Nous avons ensuite commencé à le lancer dans d'autres villes du nord et de l'est de la Russie : Irkoutsk, Tomsk, etc. Ces régions ressemblent à Iakoutsk dans la mesure où elles connaissent des conditions climatiques sévères similaires et où il n'y a pas d'autres applications majeures. Dans ces villes, l’application a commencé à connaître une croissance presque instantanément.

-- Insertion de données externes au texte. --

lemma orthogonality:
  fixes \<rho> :: "'g \<Rightarrow> complex^'m^'m"
  assumes irr: "irreducible_rep G \<rho>"
  shows "(\<Sum>g\<in>carrier G. \<rho> g $ j $ i * \<rho> (inv g) $ k $ l) =
     (if j = l \<and> i = k then of_nat (card (carrier G)) / of_nat CARD('m) else 0)"
proof -
  have R: "is_rep G \<rho>" using irr unfolding irreducible_rep_def by blast
  define E :: "complex^'m^'m" where "E = (\<chi> a b. if a = i \<and> b = k then 1 else 0)"
  obtain c where c: "\<And>x. conj_average \<rho> E *v x = c *s x"
    using schur[OF irr conj_average_commutes[OF R]] by metis
  have entry: "conj_average \<rho> E $ j' $ l' = (if j' = l' then c else 0)" for j' l'
    using c[of "axis l' 1"] matrix_mult_axis[of "conj_average \<rho> E" l' j']
    by (cases "j' = l'") (simp_all add: axis_def)
  have "trace (conj_average \<rho> E) = c * of_nat CARD('m)"
    by (simp add: trace_def entry)
  moreover have "trace E = (if i = k then 1 else 0)"
    by (cases "i = k") (auto simp: trace_def E_def intro!: sum.neutral)
  ultimately have c_eq: "c = (if i = k then of_nat (card (carrier G)) / of_nat CARD('m) else 0)"
    using trace_conj_average[OF R, of E] by (auto simp: field_simps)
  have "(\<rho> g ** E ** \<rho> (inv g)) $ j $ l = \<rho> g $ j $ i * \<rho> (inv g) $ k $ l" for g
  proof -
    have row: "(\<rho> g ** E) $ j $ b = (if b = k then \<rho> g $ j $ i else 0)" for b
      by (cases "b = k") (simp_all add: matrix_matrix_mult_def E_def if_distrib cong: if_cong)
    show ?thesis
      by (simp add: matrix_matrix_mult_def[of "\<rho> g ** E"] row if_distrib if_distribR cong: if_cong)
  qed
  hence "conj_average \<rho> E $ j $ l = (\<Sum>g\<in>carrier G. \<rho> g $ j $ i * \<rho> (inv g) $ k $ l)"
    by (simp add: conj_average_def sum_component)
  thus ?thesis using entry[of j l] c_eq by (cases "j = l"; cases "i = k") simp_all
qed
lemma norm1_h_le_enorm: "norm1_h x0 L M u \<le> sqrt (h * (1 + 2 * K_bound)) * enorm u"
proof (rule power2_le_imp_le)
  have "dot (Kop u) u \<le> enorm (Kop u) * enorm u"
    using abs_dot_le[of "Kop u" u] by simp
  also have "\<dots> \<le> K_bound * enorm u * enorm u"
    by (rule mult_right_mono[OF enorm_Kop_le enorm_nonneg])
  finally have "dot (Kop u) u \<le> K_bound * (enorm u)\<^sup>2"
    by (simp add: power2_eq_square mult.assoc)
  then show "(norm1_h x0 L M u)\<^sup>2 \<le> (sqrt (h * (1 + 2 * K_bound)) * enorm u)\<^sup>2"
    using h_pos K_bound_nonneg by (simp add: norm1_h_sq algebra_simps)
qed (use h_pos K_bound_nonneg enorm_nonneg in simp)

lemma gfalm_converges_in_norm1_h:
  "\<exists>\<delta>0>0. \<forall>u0 \<in> U_h x0 L M \<delta>0 us \<inter> S_h L M p. \<exists>C>0. \<exists>a>0. \<forall>\<tau>>0. \<forall>u ut.
     (\<forall>j<M. u 0 j = u0 j) \<and> GFALM_iter x0 L M V \<omega> p \<alpha> \<tau> u ut \<longrightarrow>
     (\<forall>n. norm1_h x0 L M (\<lambda>j. u n j - us j) \<le> C * exp (- a * real n * \<tau> / (1 + \<tau>)))"
proof -
  obtain \<delta> C a where "0 < \<delta>" "0 < C" "0 < a" and converges:
    "\<forall>\<tau> u ut. 0 < \<tau> \<longrightarrow> qmass (u 0) = 1 \<longrightarrow> deviation (u 0) \<le> \<delta> \<longrightarrow>
      (\<forall>n. gfalm_step \<tau> (u n) (ut (Suc n)) (u (Suc n))) \<longrightarrow>
      (\<forall>n. deviation (u n) \<le> C * exp (- a * real n * \<tau> / (1 + \<tau>)))"
    using gfalm_converges by auto
  define B where "B = sqrt (h * (1 + 2 * K_bound))"
  have "0 \<le> B"
    using h_pos K_bound_nonneg by (simp add: B_def)
  have "0 < B * C + 1"
    using \<open>0 \<le> B\<close> \<open>0 < C\<close> by (simp add: add_nonneg_pos)
  have "0 < \<delta> * sqrt h"
    using \<open>0 < \<delta>\<close> h_pos by simp
  moreover have "\<exists>C>0. \<exists>a>0. \<forall>\<tau>>0. \<forall>u ut. (\<forall>j<M. u 0 j = u0 j) \<and> GFALM_iter x0 L M V \<omega> p \<alpha> \<tau> u ut \<longrightarrow>
      (\<forall>n. norm1_h x0 L M (\<lambda>j. u n j - us j) \<le> C * exp (- a * real n * \<tau> / (1 + \<tau>)))"
    if "u0 \<in> U_h x0 L M (\<delta> * sqrt h) us \<inter> S_h L M p" for u0
  proof (rule exI[of _ "B * C + 1"], rule conjI[OF \<open>0 < B * C + 1\<close>],
      rule exI[of _ a], rule conjI[OF \<open>0 < a\<close>], intro allI impI)
    fix \<tau> n and u ut :: "nat \<Rightarrow> nat \<Rightarrow> real"
    assume "0 < \<tau>" and start: "(\<forall>j<M. u 0 j = u0 j) \<and> GFALM_iter x0 L M V \<omega> p \<alpha> \<tau> u ut"
    have "qmass (u 0) = 1"
      using that start qmass_cong[of "u 0" u0] by (simp add: S_h_iff_qmass)
    have "sqrt h * deviation u0 \<le> \<delta> * sqrt h"
      using that enorm_le_norm1_h[of "\<lambda>j. u0 j - us j"] by (simp add: U_h_def deviation_def)
    then have "deviation (u 0) \<le> \<delta>"
      using start h_pos enorm_cong[of "\<lambda>j. u 0 j - us j" "\<lambda>j. u0 j - us j"]
      by (simp add: deviation_def mult.commute)
    have steps: "\<forall>n. gfalm_step \<tau> (u n) (ut (Suc n)) (u (Suc n))"
      using GFALM_iter_imp_gfalm_step start \<open>0 < \<tau>\<close> by blast
    have "norm1_h x0 L M (\<lambda>j. u n j - us j) \<le> B * deviation (u n)"
      using norm1_h_le_enorm by (simp add: B_def deviation_def)
    also have "\<dots> \<le> B * (C * exp (- a * real n * \<tau> / (1 + \<tau>)))"
    proof (rule mult_left_mono[OF _ \<open>0 \<le> B\<close>])
      show "deviation (u n) \<le> C * exp (- a * real n * \<tau> / (1 + \<tau>))"
        using converges \<open>0 < \<tau>\<close> \<open>qmass (u 0) = 1\<close> \<open>deviation (u 0) \<le> \<delta>\<close> steps by blast
    qed
    also have "\<dots> \<le> (B * C + 1) * exp (- a * real n * \<tau> / (1 + \<tau>))"
      by (simp add: algebra_simps)
    finally show "norm1_h x0 L M (\<lambda>j. u n j - us j) \<le> (B * C + 1) * exp (- a * real n * \<tau> / (1 + \<tau>))" .
  qed
  ultimately show ?thesis
    by blast
qed

end

lemma pseudospectral_ground_state_exists:
  assumes "0 < L" and "0 < M" and "1 < p"
    and V_nonneg: "\<forall>x\<in>{x0..x0+L}. V x \<ge> 0"
    and A2': "\<omega> > - lam0' x0 L M V"
    and alpha: "\<alpha> \<ge> 1/2 * max 0 (Max ((\<lambda>j. V (xgrid x0 L M j) + \<omega>) ` {..<M})) + 1/2"
    and gs: "discrete_ground_state x0 L M V \<omega> p us lam"
    and nd: "NDh x0 L M V \<omega> p us lam"
  shows "\<exists>c. pseudospectral_ground_state x0 L M V \<omega> p lam \<alpha> c us
    (hstep L M) (\<lambda>j l. - Dxx x0 L M j l / 2) (\<lambda>j. V (xgrid x0 L M j) + \<omega>)"
proof -
  have "0 < hstep L M"
    using assms by (simp add: hstep_pos)
  have V_grid: "\<And>j. j < M \<Longrightarrow> 0 \<le> V (xgrid x0 L M j)"
    using V_nonneg xgrid_in_domain[OF \<open>0 < L\<close>] by blast
  obtain c where "0 < c" and coercive: "\<forall>\<xi>. (\<Sum>j<M. (\<bar>us j\<bar> powr (p - 1) * us j) * \<xi> j) = 0 \<longrightarrow>
    c * (\<Sum>j<M. \<xi> j * \<xi> j) \<le> (\<Sum>j<M. ((\<Sum>l<M. (- Dxx x0 L M j l / 2) * \<xi> l)
      + (V (xgrid x0 L M j) + \<omega> - p * lam * \<bar>us j\<bar> powr (p - 1)) * \<xi> j) * \<xi> j)"
    using NDh_imp_coercive[OF \<open>0 < hstep L M\<close> nd] by blast
  have "gfalm_ground_state M (hstep L M) (\<lambda>j l. - Dxx x0 L M j l / 2) (\<lambda>j. V (xgrid x0 L M j) + \<omega>)
    p lam \<alpha> c us"
  proof (unfold_locales)
    show "0 \<le> lam"
      using discrete_ground_state_multiplier_pos[OF \<open>0 < L\<close> \<open>0 < M\<close> \<open>1 < p\<close> V_grid A2' gs] by simp
    show "hstep L M * (\<Sum>j<M. \<bar>us j\<bar> powr (p + 1)) = 1"
      using S_h_normalized[OF \<open>0 < hstep L M\<close> \<open>1 < p\<close>] gs by (simp add: discrete_ground_state_def)
    show "(\<Sum>l<M. - Dxx x0 L M j l / 2 * us l) + (V (xgrid x0 L M j) + \<omega>) * us j
        = lam * (\<bar>us j\<bar> powr (p - 1) * us j)" if "j < M" for j
      using gs that by (simp add: discrete_ground_state_def A_h_eq_sum)
    show "1 \<le> 2 * \<alpha> - (V (xgrid x0 L M j) + \<omega>)" if "j < M" for j
    proof -
      have "V (xgrid x0 L M j) + \<omega> \<le> (MAX j\<in>{..<M}. V (xgrid x0 L M j) + \<omega>)"
        using that by (intro Max_ge) auto
      then show ?thesis
        using alpha max.cobounded2[of 0 "MAX j\<in>{..<M}. V (xgrid x0 L M j) + \<omega>"] by linarith
    qed
  qed (use assms \<open>0 < hstep L M\<close> \<open>0 < c\<close> coercive Dxx_symmetric neg_half_Dxx_psd in auto)
  then have "pseudospectral_ground_state x0 L M V \<omega> p lam \<alpha> c us
    (hstep L M) (\<lambda>j l. - Dxx x0 L M j l / 2) (\<lambda>j. V (xgrid x0 L M j) + \<omega>)"
    by (intro pseudospectral_ground_state.intro pseudospectral_ground_state_axioms.intro) simp_all
  then show ?thesis ..
qed

theorem mainTheorem17:
  fixes x0 L :: real and M :: nat and V :: "real \<Rightarrow> real"
    and \<omega> p \<alpha> lam :: real and us :: "nat \<Rightarrow> real"
  assumes L_pos: "L > 0" and M_pos: "M > 0" and M_even: "even M"
    and A1_p: "1 < p"
    and A1_V_nonneg: "\<forall>x\<in>{x0..x0+L}. V x \<ge> 0"
    and A1_V_bdd: "\<exists>B. \<forall>x\<in>{x0..x0+L}. \<bar>V x\<bar> \<le> B"
    and A2': "\<omega> > - lam0' x0 L M V"
    and alpha: "\<alpha> \<ge> 1/2 * max 0 (Max ((\<lambda>j. V (xgrid x0 L M j) + \<omega>) ` {..<M})) + 1/2"
    and gs: "discrete_ground_state x0 L M V \<omega> p us lam"
    and nd: "NDh x0 L M V \<omega> p us lam"
  shows "\<exists>\<delta>0>0. \<forall>u0 \<in> U_h x0 L M \<delta>0 us \<inter> S_h L M p.
           \<exists>C>0. \<exists>a>0. \<forall>\<tau>>0. \<forall>u ut.
             (\<forall>j<M. u 0 j = u0 j) \<and> GFALM_iter x0 L M V \<omega> p \<alpha> \<tau> u ut \<longrightarrow>
             (\<forall>n. norm1_h x0 L M (\<lambda>j. u n j - us j) \<le> C * exp (- a * real n * \<tau> / (1 + \<tau>)))"
proof -
  obtain c where "pseudospectral_ground_state x0 L M V \<omega> p lam \<alpha> c us
      (hstep L M) (\<lambda>j l. - Dxx x0 L M j l / 2) (\<lambda>j. V (xgrid x0 L M j) + \<omega>)"
    using pseudospectral_ground_state_exists[OF L_pos M_pos A1_p A1_V_nonneg A2' alpha gs nd] by blast
  then interpret pseudospectral_ground_state x0 L M V \<omega> p lam \<alpha> c us
    "hstep L M" "\<lambda>j l. - Dxx x0 L M j l / 2" "\<lambda>j. V (xgrid x0 L M j) + \<omega>" .
  show ?thesis
    by (rule gfalm_converges_in_norm1_h)
qed

end
(* Let $\zeta\in\mathbb{C}^*$. The group $\overline{G}_q(\zeta):=\mathrm{PSL}_q(2,\mathbb{Z})|_{q=\zeta}$ is finite if and only if $\zeta$ is a primitive $n$-th root of unity for some $n\in\{2,3,4,5\}$.
   Context: Let $q$ be a formal parameter and let $R_q=\begin{pmatrix} q & 1\\ 0 & 1\end{pmatrix}$, $S_q=\begin{pmatrix} 0 & -q^{-1}\\ 1 & 0\end{pmatrix}\in \mathrm{GL}(2,\mathbb{Z}[q,q^{-1}])$. Let $G_q=\langle R_q,S_q\rangle$, and $\mathrm{PSL}_q(2,\mathbb{Z})=G_q/\langle qE_2,-E_2\rangle$, where $E_2$ is the $2\times2$ identity matrix and $\langle qE_2,-E_2\rangle$ is a normal subgroup of $G_q$. For $\zeta\in\mathbb{C}^*$, let $G_q(\zeta)=\{M_q|_{q=\zeta}: M_q\in G_q\}\subset\mathrm{GL}(2,\mathbb{C})$, and $\mathrm{PSL}_q(2,\mathbb{Z})|_{q=\zeta}$ denotes $G_q(\zeta)/\langle \zeta E_2,-E_2\rangle$. *)

theory Defs
  imports "HOL-Analysis.Analysis"
begin

definition Rq :: "complex \<Rightarrow> complex^2^2" where
  "Rq z = vector [vector [z, 1], vector [0, 1]]"

definition Sq :: "complex \<Rightarrow> complex^2^2" where
  "Sq z = vector [vector [0, - inverse z], vector [1, 0]]"

inductive_set gen_group :: "(complex^2^2) set \<Rightarrow> (complex^2^2) set" for A where
  one: "mat 1 \<in> gen_group A"
| mul: "M \<in> gen_group A \<Longrightarrow> X \<in> A \<Longrightarrow> X ** M \<in> gen_group A"
| mul_inv: "M \<in> gen_group A \<Longrightarrow> X \<in> A \<Longrightarrow> matrix_inv X ** M \<in> gen_group A"

definition Gq :: "complex \<Rightarrow> (complex^2^2) set" where
  "Gq z = gen_group {Rq z, Sq z}"

definition Nq :: "complex \<Rightarrow> (complex^2^2) set" where
  "Nq z = gen_group {mat z, - mat 1}"

text \<open>The quotient PSL_q(2,Z) at q = z, as the set of cosets M N.\<close>
definition PSLq_at :: "complex \<Rightarrow> (complex^2^2) set set" where
  "PSLq_at z = (\<lambda>M. (\<lambda>N. M ** N) ` Nq z) ` Gq z"

definition primitive_root_of_unity :: "nat \<Rightarrow> complex \<Rightarrow> bool" where
  "primitive_root_of_unity n z \<longleftrightarrow> n > 0 \<and> z ^ n = 1 \<and> (\<forall>k. 0 < k \<and> k < n \<longrightarrow> z ^ k \<noteq> 1)"

end

theory Submission
  imports Defs "HOL-Computational_Algebra.Polynomial_Factorial"
begin

(* If the quotient is finite, every element of G_q(z) has a power that is a scalar matrix.
   For R_q this makes z a root of unity of some order n > 1.  For the word R_q^a S_q with
   a = n div 2, Cayley-Hamilton turns "some power is scalar" into the vanishing of a Lucas
   sequence U_d(trace, det), which is an integer polynomial identity in z.  Dedekind's
   argument (the Galois conjugates of z are its powers z^m with m coprime to n) moves it to
   z' = cis (2 pi / n), where trace / sqrt det = sin (a pi / n) / sin (pi / n) >= 2 as soon as
   n >= 6, so that U_d(trace, det) cannot vanish.
   Conversely, for n = 2, 3, 4, 5 an explicit finite list of integer polynomial matrices is
   checked by computation to be closed, up to the scalars +-z^e and modulo the cyclotomic
   polynomial, under left multiplication by R_q and S_q; hence G_q(z) itself is finite. *)

section \<open>Two-by-two matrices\<close>

definition mat2 :: "'a::zero \<Rightarrow> 'a \<Rightarrow> 'a \<Rightarrow> 'a \<Rightarrow> 'a^2^2" where
  "mat2 a b c d = vector [vector [a, b], vector [c, d]]"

Nous avions l'habitude de nous asseoir dans notre petit bureau et de rêver : « Imaginez, un jour nous gagnerons plus que Ykt.ru ». Nous avons bien ri, mais en réalité ce moment est venu très vite.
Notre PDG a toujours voulu une histoire plus grande et sans rapport avec Iakoutsk. C'est un entrepreneur dans l'âme et il est toujours à la recherche de nouveaux défis. Cela nous semblait évident et logique, donc personne ne se demandait pourquoi nous faisions ce que nous faisions.
C'était toujours cool de comprendre à quel point nous, les gars de Iakoutsk, pouvions rivaliser avec les grandes entreprises. A cette époque, nos principaux concurrents étaient Taxi Maxim et Yandex Taxi . Nous ne pensions pas encore à Uber . Mais il a vite fallu réfléchir longuement à la situation, mais je vous en parlerai plus dans mes prochains articles si cela vous intéresse.
PS C'est ma première expérience d'écriture d'un article et je souhaite en écrire davantage sur l'histoire de l'évolution d'inDrive, comment je suis devenu CTO et les défis techniques et non techniques que nous avons rencontrés et avons dû surmonter. Ce serait donc génial d'avoir vos commentaires sur ce qui pourrait être amélioré ici et sur ce que vous seriez intéressé à lire dans les prochains articles. Partagez-les dans les commentaires!
PPS Les étapes de l'évolution de Sinet et d'inDrive sont décrites plus en détail dans le livre du PDG de l'entreprise : « inDriver : From Yakutsk to Silicon Valley ».